In Anbetracht der Zeit wollte ich auf jeden Fall einen Aufenthalt im Neckartal mit einplanen. Vor sehr vielen Jahren – da war ich noch im Kindergarten – machten meine Eltern mit mir einen Ausflug in die Nachbargemeinde Hirschhorn. Ich hatte deshalb erst überlegt, dort hin zu fahren, finde es dann aber doch bequemer, den Zwischenhalt direkt am RE-Bahnhof Eberbach einzulegen 😉

Bild 6-13: Nicht weit vom Bahnhof beginnt der Aufstieg auf den Ohrsberg, den Hausberg von Eberbach.
Bild 6-14: Ohrsbergturm
Bild 6-15: Aussicht vom Turm auf die Stadt (der Bahnhof läge rechts vorne hinter dem bewaldeten Hügel)…
Bild 6-16: …das Neckartal flussabwärts in Richtung Heidelberg…
Bild 6-17: …und die westlichen Ortsteile. Wer ganz genau hinsieht, findet in diesem Bild den Zug 😉
Bild 6-18: Zurück am Bahnhof zeigt sich der Zug aus größerer Nähe. Ein zweiteiliger Itino der VIAS fährt gleich als RB 82 über die Odenwaldbahn nach Frankfurt.

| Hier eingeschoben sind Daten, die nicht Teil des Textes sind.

lemma pos_act_mode_act:
  assumes comm: "\<And>b l. coef (pos_act k a m (pos_act k b l W)) =
    coef (pos_act k b l (pos_act k a m W)
      @ basis_sum (\<lambda>z. fs_smul (bracket_coef a b z) (pos_act k z (m + l) W)))"
  shows "coef (pos_act k a m (mode_act k z M W)) =
    coef (mode_act k z M (pos_act k a m W) @ bracket_act k a (int m) z M W)"
proof (cases "0 \<le> M")
  case True
  have "nat (int m + M) = m + nat M" using True by simp
  moreover have "central_coef k a (int m) z M = 0"
    using True by (auto simp: central_coef_def)
  ultimately show ?thesis
    using comm[of z "nat M"] True by (simp add: mode_act_def bracket_act_def fun_eq_iff)
next
  case False
  define n where "n = nat (-M-1)"
  have "- int n - 1 = M" using False by (simp add: n_def)
  then show ?thesis using False pos_act_word_mul[of k a m z n W]
    by (simp add: mode_act_def n_def fun_eq_iff)
qed

lemma pos_act_bracket_act:
  assumes comm: "\<And>b l. coef (pos_act k a m (pos_act k b l W)) =
    coef (pos_act k b l (pos_act k a m W)
      @ basis_sum (\<lambda>z. fs_smul (bracket_coef a b z) (pos_act k z (m + l) W)))"
  shows "coef (pos_act k a m (bracket_act k b l c n W)) =
    coef (bracket_act k b l c n (pos_act k a m W)
      @ basis_sum (\<lambda>z. fs_smul (bracket_coef b c z) (bracket_act k a (int m) z (l + n) W)))"
  using pos_act_mode_act[OF comm, of _ "l + n"]
  by (simp add: bracket_act_def[of k b l c n] fun_eq_iff algebra_simps)

lemma pos_act_pos_act_word_mul:
  assumes comm: "\<And>b l. coef (pos_act k a m (pos_act k b l W)) =
    coef (pos_act k b l (pos_act k a m W)
      @ basis_sum (\<lambda>z. fs_smul (bracket_coef a b z) (pos_act k z (m + l) W)))"
  shows "coef (pos_act k a m (pos_act k b l (word_mul [(c,i)] W))) u =
      coef (bracket_act k b (int l) c (- int i - 1) (pos_act k a m W)) u
    + coef (basis_sum (\<lambda>z. fs_smul (bracket_coef b c z) (bracket_act k a (int m) z (int l + (- int i - 1)) W))) u
    + coef (bracket_act k a (int m) c (- int i - 1) (pos_act k b l W)) u
    + coef (word_mul [(c,i)] (pos_act k a m (pos_act k b l W))) u"
  using fs_linear_coef_cong[OF fs_linear_pos_act pos_act_word_mul[of k b l c i W], of k a m]
    pos_act_bracket_act[where b=b and l="int l" and c=c and n="- int i - 1", OF comm]
    pos_act_word_mul[of k a m c i "pos_act k b l W"]
  by (simp add: fun_eq_iff)

lemma pos_act_commutator_word:
  "coef (pos_act k a m (pos_act k b l [(1,w)])) =
   coef (pos_act k b l (pos_act k a m [(1,w)])
     @ basis_sum (\<lambda>z. fs_smul (bracket_coef a b z) (pos_act k z (m + l) [(1,w)])))"
proof (induction w arbitrary: a b m l)
  case Nil
  have z: "coef (pos_act k c n [(1,[])]) = coef []" for c n by (simp add: pos_act_single)
  show ?case
    using pos_act_zero[OF z[of b l], of k a m] pos_act_zero[OF z[of a m], of k b l] z
    by (simp add: fun_eq_iff)
next
  case (Cons x w)
  obtain c i where x: "x = (c,i)" by force
  define W where "W = [(1::complex, w)]"
  define li where "li = - int i - 1"
  have cW: "[(1, x#w)] = word_mul [(c,i)] W" by (simp add: W_def x)
  have IH: "coef (pos_act k a' m' (pos_act k b' l' W)) =
      coef (pos_act k b' l' (pos_act k a' m' W)
        @ basis_sum (\<lambda>z. fs_smul (bracket_coef a' b' z) (pos_act k z (m' + l') W)))" for a' b' m' l'
    unfolding W_def by (rule Cons.IH)
  define J where "J =
      basis_sum (\<lambda>z. fs_smul (bracket_coef a b z) (bracket_act k z (int m + int l) c li W))
    @ basis_sum (\<lambda>z. fs_smul (bracket_coef a c z) (bracket_act k b (int l) z (int m + li) W))
    @ fs_smul (-1)
        (basis_sum (\<lambda>z. fs_smul (bracket_coef b c z) (bracket_act k a (int m) z (int l + li) W)))"
  have J: "coef J = coef []"
    using bracket_act_jacobi[of a b k "int m" "int l" c li W]
      bracket_act_antisym[of k _ "int m + li" b "int l" W]
    by (simp add: J_def fun_eq_iff)
  show ?case
  proof (rule ext)
    fix u
    note pos_act_pos_act_word_mul[where a=a and m=m and b=b and l=l and c=c and i=i and u=u, OF IH,
        folded li_def]
      pos_act_pos_act_word_mul[where a=b and m=l and b=a and l=m and c=c and i=i and u=u, OF IH,
        folded li_def]
    moreover have "coef (pos_act k z (m + l) (word_mul [(c,i)] W)) u =
        coef (bracket_act k z (int m + int l) c li W) u
      + coef (word_mul [(c,i)] (pos_act k z (m + l) W)) u" for z
      using pos_act_word_mul[of k z "m + l" c i W, folded li_def] by (simp add: fun_eq_iff)
    moreover have "coef (word_mul [(c,i)] (pos_act k a m (pos_act k b l W))) u =
        coef (word_mul [(c,i)] (pos_act k b l (pos_act k a m W))) u
      + coef (word_mul [(c,i)] (basis_sum (\<lambda>z. fs_smul (bracket_coef a b z) (pos_act k z (m + l) W)))) u"
      using coef_word_mul_cong[OF IH[of a m b l], of "[(c,i)]" u] by simp
    ultimately show "coef (pos_act k a m (pos_act k b l [(1, x # w)])) u =
        coef (pos_act k b l (pos_act k a m [(1, x # w)])
          @ basis_sum (\<lambda>z. fs_smul (bracket_coef a b z) (pos_act k z (m + l) [(1, x # w)]))) u"
      using J unfolding cW J_def by (simp add: fun_eq_iff algebra_simps)
  qed
qed

lemma pos_act_commutator:
  "coef (pos_act k a m (pos_act k b l p)) =
   coef (pos_act k b l (pos_act k a m p)
     @ basis_sum (\<lambda>z. fs_smul (bracket_coef a b z) (pos_act k z (m + l) p)))"
proof (rule fs_linear_eq[where QA="\<lambda>p. pos_act k a m (pos_act k b l p)"
    and QB="\<lambda>p. pos_act k b l (pos_act k a m p)
      @ basis_sum (\<lambda>z. fs_smul (bracket_coef a b z) (pos_act k z (m + l) p))"])
  show "fs_linear (\<lambda>p. pos_act k a m (pos_act k b l p))"
    by (rule fs_linear_comp[OF fs_linear_pos_act fs_linear_pos_act])
  show "fs_linear (\<lambda>p. pos_act k b l (pos_act k a m p)
      @ basis_sum (\<lambda>z. fs_smul (bracket_coef a b z) (pos_act k z (m + l) p)))"
    by (rule fs_linear_append[OF fs_linear_comp[OF fs_linear_pos_act fs_linear_pos_act]
        fs_linear_basis_sum[OF fs_linear_smul[OF fs_linear_pos_act]]])
qed (rule pos_act_commutator_word)

lemma mode_act_commutator:
  "mode_act k a m (mode_act k b l v) @ fs_smul (-1) (mode_act k b l (mode_act k a m v))
     @ fs_smul (-1) (bracket_act k a m b l v) \<in> vac_ideal"
  (is "?R \<in> vac_ideal")
proof (cases "0 \<le> m")
  case m: True
  show ?thesis
  proof (cases "0 \<le> l")
    case l: True
    have e: "nat (m + l) = nat m + nat l" using m l by simp
    have c: "central_coef k a m b l = 0" using m l by (auto simp: central_coef_def)
    show ?thesis
      using pos_act_commutator[of k a "nat m" b "nat l" v] m l
      by (intro ideal_mod_zero_coef) (simp add: mode_act_def bracket_act_def e c fun_eq_iff)
  next
    case l: False
    define j where "j = nat (-l-1)"
    have e: "- int j - 1 = l" using l by (simp add: j_def)
    show ?thesis
      using pos_act_word_mul[of k a "nat m" b j v] m l unfolding e
      by (intro ideal_mod_zero_coef) (simp add: mode_act_def j_def fun_eq_iff)
  qed
next
  case m: False
  define i where "i = nat (-m-1)"
  have ei: "- int i - 1 = m" using m by (simp add: i_def)
  show ?thesis
  proof (cases "0 \<le> l")
    case l: True
    have "coef (pos_act k b (nat l) (word_mul [(a,i)] v))
      = coef (bracket_act k b l a m v @ word_mul [(a,i)] (pos_act k b (nat l) v))"
      using pos_act_word_mul[of k b "nat l" a i v] l unfolding ei by simp
    then show ?thesis
      using bracket_act_antisym[of k b l a m v] m l
      by (intro ideal_mod_zero_coef) (simp add: mode_act_def i_def[symmetric] fun_eq_iff)
  next
    case l: False
    define j where "j = nat (-l-1)"
    have ej: "nat (- m - l - 1) = Suc (i + j)" using m l by (simp add: i_def j_def)
    have c: "central_coef k a m b l = 0" using m l by (auto simp: central_coef_def)
    have "coef ?R = coef (fs_mul (vac_rel (a,i) (b,j)) v)"
      unfolding fs_mul_vac_rel using m l
      by (simp add: mode_act_def i_def[symmetric] j_def[symmetric] bracket_act_def ej c fun_eq_iff)
    then show ?thesis by (rule ideal_mod.coef_eq[OF vac_rel_mul_in_ideal])
  qed
qed

section \<open>The affine algebra acting on the vacuum module\<close>

definition ghat_rel :: "sl2b \<Rightarrow> int \<Rightarrow> sl2b \<Rightarrow> int \<Rightarrow> aff fsum" where
  "ghat_rel a m b l =
     fs_diff (fs_diff (fs_diff [(1, [Mode a m, Mode b l])] [(1, [Mode b l, Mode a m])])
        (map (\<lambda>(c, x). (c, [Mode x (m + l)])) (sl2_bracket a b)))
      [((if m + l = 0 then of_int m * sl2_form a b else 0), [Cen])]"

lemma ghat_rels_eq:
  "ghat_rels = {ghat_rel a m b l | a m b l. True} \<union> {fs_diff [(1, [Cen, x])] [(1, [x, Cen])] | x. True}"
  unfolding ghat_rels_def ghat_rel_def by blast

fun aff_act :: "complex \<Rightarrow> aff \<Rightarrow> neg_mode fsum \<Rightarrow> neg_mode fsum" where
  "aff_act k (Mode a m) p = mode_act k a m p"
| "aff_act k Cen p = fs_smul k p"

definition aff_act_word :: "complex \<Rightarrow> aff list \<Rightarrow> neg_mode fsum \<Rightarrow> neg_mode fsum" where
  "aff_act_word k w p = foldr (aff_act k) w p"
lemma aff_act_word_Nil[simp]: "aff_act_word k [] p = p" by (simp add: aff_act_word_def)
lemma aff_act_word_Cons[simp]:
  "aff_act_word k (x#w) p = aff_act k x (aff_act_word k w p)"
  by (simp add: aff_act_word_def)
lemma aff_act_word_append:
  "aff_act_word k (u@w) p = aff_act_word k u (aff_act_word k w p)"
  by (simp add: aff_act_word_def)

definition aff_rep :: "complex \<Rightarrow> aff fsum \<Rightarrow> neg_mode fsum \<Rightarrow> neg_mode fsum" where
  "aff_rep k P v = fs_extend (\<lambda>w. aff_act_word k w v) P"

lemma fs_linear_aff_act: "fs_linear (aff_act k x)"
proof (cases x)
  case (Mode a m)
  have "aff_act k (Mode a m) = mode_act k a m" by (rule ext) simp
  then show ?thesis by (simp add: Mode fs_linear_mode_act)
next
  case Cen
  have "aff_act k Cen = (\<lambda>p. fs_smul k p)" by (rule ext) simp
  then show ?thesis by (simp add: Cen fs_linear_smul[OF fs_linear_id])
qed

lemma fs_linear_aff_act_word: "fs_linear (aff_act_word k w)"
proof (induction w)
  case Nil then show ?case by (simp add: fs_linear_id)
next
  case (Cons x w)
  have "fs_linear (\<lambda>p. aff_act k x (aff_act_word k w p))"
    by (rule fs_linear_comp[OF fs_linear_aff_act Cons])
  then show ?case by simp
qed

lemma fs_linear_aff_rep: "fs_linear (aff_rep k P)"
proof (induction P)
  case Nil then show ?case by (simp add: aff_rep_def fs_linear_Nil)
next
  case (Cons x P)
  obtain c w where x: "x = (c,w)" by force
  have "fs_linear (\<lambda>v. fs_smul c (aff_act_word k w v) @ aff_rep k P v)"
    by (rule fs_linear_append[OF fs_linear_smul[OF fs_linear_aff_act_word] Cons])
  then show ?case by (simp add: aff_rep_def x)
qed

lemma fs_linear_aff_rep_left: "fs_linear (\<lambda>P. aff_rep k P v)"
  unfolding aff_rep_def by (rule fs_linear_extend)
lemma aff_rep_coef_cong:
  "coef P = coef Q \<Longrightarrow> coef (aff_rep k P v) = coef (aff_rep k Q v)"
  unfolding aff_rep_def by (rule fs_extend_coef_cong)

lemma aff_rep_fs_mul: "coef (aff_rep k (fs_mul P Q) v) = coef (aff_rep k P (aff_rep k Q v))"
proof -
  have "coef (aff_rep k (fs_mul P Q) v) =
      coef (fs_extend (\<lambda>w. aff_act_word k w v) (fs_extend (\<lambda>u. word_mul u Q) P))"
    by (simp add: aff_rep_def fs_mul_eq_extend)
  also have "\<dots> = coef (fs_extend (\<lambda>u. fs_extend (\<lambda>w. aff_act_word k w v) (word_mul u Q)) P)"
    by (rule fs_extend_fs_extend)
  also have "\<dots> = coef (fs_extend (\<lambda>u. aff_act_word k u (aff_rep k Q v)) P)"
  proof (rule fs_extend_cong)
    fix c u
    have "coef (fs_extend (\<lambda>w. aff_act_word k w v) (word_mul u Q))
      = coef (fs_extend (\<lambda>w. aff_act_word k u (aff_act_word k w v)) Q)"
      by (simp add: fs_extend_word_mul aff_act_word_append)
    also have "\<dots> = coef (aff_act_word k u (fs_extend (\<lambda>w. aff_act_word k w v) Q))"
      by (rule fs_linear_apply_extend[OF fs_linear_aff_act_word, symmetric])
    finally show "coef (fs_extend (\<lambda>w. aff_act_word k w v) (word_mul u Q))
      = coef (aff_act_word k u (aff_rep k Q v))"
      by (simp add: aff_rep_def)
  qed
  also have "\<dots> = coef (aff_rep k P (aff_rep k Q v))" by (simp add: aff_rep_def)
  finally show ?thesis .
qed

lemma aff_act_vac_ideal: "p \<in> vac_ideal \<Longrightarrow> aff_act k x p \<in> vac_ideal"
  by (cases x) (simp_all add: mode_act_vac_ideal ideal_mod.smul)
lemma aff_act_word_vac_ideal:
  "p \<in> vac_ideal \<Longrightarrow> aff_act_word k w p \<in> vac_ideal"
  by (induction w) (simp_all add: aff_act_vac_ideal)
lemma aff_rep_vac_ideal: "v \<in> vac_ideal \<Longrightarrow> aff_rep k P v \<in> vac_ideal"
  unfolding aff_rep_def by (rule ideal_mod_extend) (rule aff_act_word_vac_ideal)
lemma aff_rep_fs_diff:
  "coef (aff_rep k (fs_diff P Q) v) = coef (aff_rep k P v @ fs_smul (-1) (aff_rep k Q v))"
  by (simp add: aff_rep_def fs_diff_def fs_add_def fun_eq_iff)
lemma aff_rep_single:
  "aff_rep k [(c,w)] v = fs_smul c (aff_act_word k w v)"
  by (simp add: aff_rep_def)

Die RB 82 verkehrt auf diesem Abschnitt (der eine Landesgrenze überschreitet…) nur im 2-Stunden-Takt.
Bild 6-19: Häufiger fährt die S-Bahn Rhein-Neckar. Wegen der Stellwerksstörung hat dieser Zug der S 1 aber rund 30 Minuten Verspätung. Sein Fahrtziel, den Bahnhof Seckach, wird der Zug deshalb nicht mehr erreichen. Zur Reduzierung der Verspätung wendet die S-Bahn vorzeitig in Mosbach-Neckarelz.
Bild 6-20: Aus dieser Richtung kommt kurz darauf ein pünktliches Quietschie-Doppel als S 2 nach Kaiserslautern.
Bild 6-21: Wir setzen die Fahrt flussabwärts fort und passieren hier Hirschhorn. Hirschhorn gehört wie die Nachbargemeinde Neckarsteinach zu Hessen. Aus diesem Grund ist auch der linksseitige Stadtteil Ersheim (im Bild ebenso links), der auf einer Art „Halbinsel“ in einer Neckarschleife liegt, dem Bundesland Hessen zugehörig – als einzige Gemeinde links des Neckar.

Während der Fahrt wird die Stellwerksstörung in Heidelberg für beendet erklärt. Der Zug wird also, wenn auch mit Verspätung aufgrund des Rückstaus zwischen Heidelberg und Mannheim, bis nach Kaiserslautern durchfahren.

Bild 6-22: Die nächste Gemeinde in Baden-Württemberg ist die Kleinstadt Neckargemünd. Dort steigen wir am Haltepunkt Neckargemünd Altstadt aus dem Quietschie aus.
Bild 6-23: Die beschauliche Altstadt von Neckargemünd.
Bild 6-24: Neckarufer in Neckargemünd. Stromabwärts sind es nur noch wenige Kilometer bis nach Heidelberg.
Bild 6-25: Neckargemünd wird bereits wieder von der RNV bedient, mit der wir unsere Reise vor 6 Tagen begonnen haben. Die Buslinie 35 verbindet Neckargemünd mit der Innenstadt von Heidelberg. Die RNV setzt auf dieser Linie ihre neusten Fahrzeuge im Busbereich, die „BZ-REX-Busse“, ein.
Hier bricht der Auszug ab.